## TASK GOAL
Go through the listing below and count each line with the word "intro" in it; return only the count.

## EXCERPTED RECORDS
lemma delta_AF:
  assumes "fv.subspace A'" and "B \<subseteq> A'" and "A' \<subseteq> A"
  shows "delta (\<lambda>X. NU \<inter> Lam2 X) (AF A') (AF B) = delta (\<lambda>X. NV \<inter> Lam2 X) A' B"
proof -
  obtain T where T: "finite T" "A = fv.span T" by (rule finite_span_A)
  obtain T' where T': "finite T'" "AF A \<subseteq> fv.span T'" by (rule AF_subset_finite_span)
  have "A' \<subseteq> fv.span T" using assms(3) T(2) by simp
  then obtain S where S: "finite S" "Lam2 A' \<subseteq> fv.span S" using Lam2_finite_span[OF T(1)] by blast
  have "AF B \<subseteq> fv.span T'" using AF_mono[OF B_subset_A] T'(2) by (rule order_trans)
  then obtain S' where S': "finite S'" "Lam2 (AF B) \<subseteq> fv.span S'" using Lam2_finite_span[OF T'(1)] by blast
  have NB_NA': "NV \<inter> Lam2 B \<subseteq> NV \<inter> Lam2 A'" using Lam2_mono[OF assms(2)] by blast
  have NA'_S: "NV \<inter> Lam2 A' \<subseteq> fv.span S" using S(2) by blast
  obtain t e where e: "rel_basis (NV \<inter> Lam2 A') (NV \<inter> Lam2 B) t e"
    using rel_basis_exists[OF subspace_NV_Lam2 subspace_NV_Lam2 NB_NA' S(1) NA'_S] by blast
  have "fv.dim (NV \<inter> Lam2 A') = fv.dim (NV \<inter> Lam2 B) + t"
    using NB_NA' NA'_S by (intro dim_rel_basis[OF e subspace_NV_Lam2 S(1)]) (rule order_trans)
  moreover have "fv.dim (NU \<inter> Lam2 (AF A')) = fv.dim (NV \<inter> Lam2 (AF B)) + t"
    using dim_rel_basis[OF rel_basis_NU[OF assms e] _ S'(1)] S'(2)
    unfolding NU_Int_Lam2_AF_B using subspace_NV_Lam2 by blast
  ultimately show ?thesis
    using dim_AF[OF assms] by (simp add: delta_def vdim_eq NU_Int_Lam2_AF_B)
qed

end

lemma ssum_image_cong:
  assumes "\<forall>x\<in>X. F x = f x"
  shows "ssum A (f ` X) = fv.span (A \<union> F ` X)"
proof -
  have "F ` X = f ` X" using assms by (intro image_cong) auto
  then show ?thesis by (simp add: ssum_def vspan_eq)
qed

lemma free_pseudosolution_linear_extension:
  assumes "fv.subspace A" "fv.subspace B" "B \<subseteq> A" "fin_dim A" "fv.subspace NV"
    and F: "lin_map F" "\<forall>x\<in>A. F x = f x"
    and deriv: "tilde f B ` (NV \<inter> Lam2 B) \<subseteq> NV"
    and basis: "rel_basis A B s c" "rel_basis (ssum A (f ` A)) (ssum A (f ` B)) s (f \<circ> c)"
  shows "free_pseudosolution A B F s c NV"
proof (intro free_pseudosolution.intro free_extension.intro free_pseudosolution_axioms.intro)
  have "ssum A (f ` B) = fv.span (A \<union> F ` B)" using F(2) assms(3) by (intro ssum_image_cong) blast
  then show "\<forall>u. (\<Sum>i<s. fscale (u i) (F (c i))) \<in> fv.span (A \<union> F ` B) \<longrightarrow> (\<forall>i<s. u i = 0)"
    using basis F(2) by (simp add: rel_basis_def)
  have "tilde f B m = tensor_deriv F m" if "m \<in> Lam2 B" for m
    using F assms(3) that by (intro tilde_eq_tensor_deriv) auto
  then show "tensor_deriv F ` (NV \<inter> Lam2 B) \<subseteq> NV" using deriv by auto
qed (use assms in simp_all)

## WRITTEN ANSWER
5